## EXTRACTED RECORDS

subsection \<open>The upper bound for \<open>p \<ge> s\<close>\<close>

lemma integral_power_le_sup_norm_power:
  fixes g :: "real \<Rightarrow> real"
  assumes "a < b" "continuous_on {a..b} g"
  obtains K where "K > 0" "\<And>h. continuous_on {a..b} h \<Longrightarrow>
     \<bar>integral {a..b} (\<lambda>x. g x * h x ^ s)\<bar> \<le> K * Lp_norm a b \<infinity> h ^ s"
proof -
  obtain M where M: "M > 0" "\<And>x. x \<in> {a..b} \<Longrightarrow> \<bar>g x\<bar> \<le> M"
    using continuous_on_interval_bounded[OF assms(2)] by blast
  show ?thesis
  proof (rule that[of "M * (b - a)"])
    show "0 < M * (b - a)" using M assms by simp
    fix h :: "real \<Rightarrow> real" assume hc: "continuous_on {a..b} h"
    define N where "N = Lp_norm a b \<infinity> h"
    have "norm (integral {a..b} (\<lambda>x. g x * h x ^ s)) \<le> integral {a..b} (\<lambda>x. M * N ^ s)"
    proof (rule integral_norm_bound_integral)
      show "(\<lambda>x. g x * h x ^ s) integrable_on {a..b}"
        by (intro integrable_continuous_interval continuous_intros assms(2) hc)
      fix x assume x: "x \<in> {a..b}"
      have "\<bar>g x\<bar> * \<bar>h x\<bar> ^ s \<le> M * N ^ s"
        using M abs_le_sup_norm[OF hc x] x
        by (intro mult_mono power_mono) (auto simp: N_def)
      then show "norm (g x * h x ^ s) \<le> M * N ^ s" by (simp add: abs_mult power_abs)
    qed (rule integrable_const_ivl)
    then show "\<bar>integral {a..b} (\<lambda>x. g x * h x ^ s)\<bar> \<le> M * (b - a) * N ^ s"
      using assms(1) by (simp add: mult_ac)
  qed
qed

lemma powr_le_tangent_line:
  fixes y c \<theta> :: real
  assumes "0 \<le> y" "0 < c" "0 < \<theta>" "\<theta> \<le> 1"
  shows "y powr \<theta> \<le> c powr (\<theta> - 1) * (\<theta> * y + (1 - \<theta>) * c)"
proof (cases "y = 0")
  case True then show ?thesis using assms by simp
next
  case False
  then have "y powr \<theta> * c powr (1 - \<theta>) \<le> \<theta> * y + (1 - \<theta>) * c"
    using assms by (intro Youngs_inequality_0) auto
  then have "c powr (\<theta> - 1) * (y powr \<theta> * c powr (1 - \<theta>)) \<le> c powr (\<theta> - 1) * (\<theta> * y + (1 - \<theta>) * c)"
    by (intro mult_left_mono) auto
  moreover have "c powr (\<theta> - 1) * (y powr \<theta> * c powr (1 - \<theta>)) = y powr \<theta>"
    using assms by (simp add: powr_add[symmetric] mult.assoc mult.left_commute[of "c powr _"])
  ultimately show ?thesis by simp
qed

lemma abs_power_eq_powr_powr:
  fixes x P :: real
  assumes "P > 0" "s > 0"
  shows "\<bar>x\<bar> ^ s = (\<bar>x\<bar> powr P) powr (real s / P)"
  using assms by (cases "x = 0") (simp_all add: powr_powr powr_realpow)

## WHAT IS NEEDED
Would you copy the data exactly as shown above?

## ANSWER SECTION
subsection \<open>The upper bound for \<open>p \<ge> s\<close>\<close>

lemma integral_power_le_sup_norm_power:
  fixes g :: "real \<Rightarrow> real"
  assumes "a < b" "continuous_on {a..b} g"
  obtains K where "K > 0" "\<And>h. continuous_on {a..b} h \<Longrightarrow>
     \<bar>integral {a..b} (\<lambda>x. g x * h x ^ s)\<bar> \<le> K * Lp_norm a b \<infinity> h ^ s"
proof -
  obtain M where M: "M > 0" "\<And>x. x \<in> {a..b} \<Longrightarrow> \<bar>g x\<bar> \<le> M"
    using continuous_on_interval_bounded[OF assms(2)] by blast
  show ?thesis
  proof (rule that[of "M * (b - a)"])
    show "0 < M * (b - a)" using M assms by simp
    fix h :: "real \<Rightarrow> real" assume hc: "continuous_on {a..b} h"
    define N where "N = Lp_norm a b \<infinity> h"
    have "norm (integral {a..b} (\<lambda>x. g x * h x ^ s)) \<le> integral {a..b} (\<lambda>x. M * N ^ s)"
    proof (rule integral_norm_bound_integral)
      show "(\<lambda>x. g x * h x ^ s) integrable_on {a..b}"
        by (intro integrable_continuous_interval continuous_intros assms(2) hc)
      fix x assume x: "x \<in> {a..b}"
      have "\<bar>g x\<bar> * \<bar>h x\<bar> ^ s \<le> M * N ^ s"
        using M abs_le_sup_norm[OF hc x] x
        by (intro mult_mono power_mono) (auto simp: N_def)
      then show "norm (g x * h x ^ s) \<le> M * N ^ s" by (simp add: abs_mult power_abs)
    qed (rule integrable_const_ivl)
    then show "\<bar>integral {a..b} (\<lambda>x. g x * h x ^ s)\<bar> \<le> M * (b - a) * N ^ s"
      using assms(1) by (simp add: mult_ac)
  qed
qed

lemma powr_le_tangent_line:
  fixes y c \<theta> :: real
  assumes "0 \<le> y" "0 < c" "0 < \<theta>" "\<theta> \<le> 1"
  shows "y powr \<theta> \<le> c powr (\<theta> - 1) * (\<theta> * y + (1 - \<theta>) * c)"
proof (cases "y = 0")
  case True then show ?thesis using assms by simp
next
  case False
  then have "y powr \<theta> * c powr (1 - \<theta>) \<le> \<theta> * y + (1 - \<theta>) * c"
    using assms by (intro Youngs_inequality_0) auto
  then have "c powr (\<theta> - 1) * (y powr \<theta> * c powr (1 - \<theta>)) \<le> c powr (\<theta> - 1) * (\<theta> * y + (1 - \<theta>) * c)"
    by (intro mult_left_mono) auto
  moreover have "c powr (\<theta> - 1) * (y powr \<theta> * c powr (1 - \<theta>)) = y powr \<theta>"
    using assms by (simp add: powr_add[symmetric] mult.assoc mult.left_commute[of "c powr _"])
  ultimately show ?thesis by simp
qed

lemma abs_power_eq_powr_powr:
  fixes x P :: real
  assumes "P > 0" "s > 0"
  shows "\<bar>x\<bar> ^ s = (\<bar>x\<bar> powr P) powr (real s / P)"
  using assms by (cases "x = 0") (simp_all add: powr_powr powr_realpow)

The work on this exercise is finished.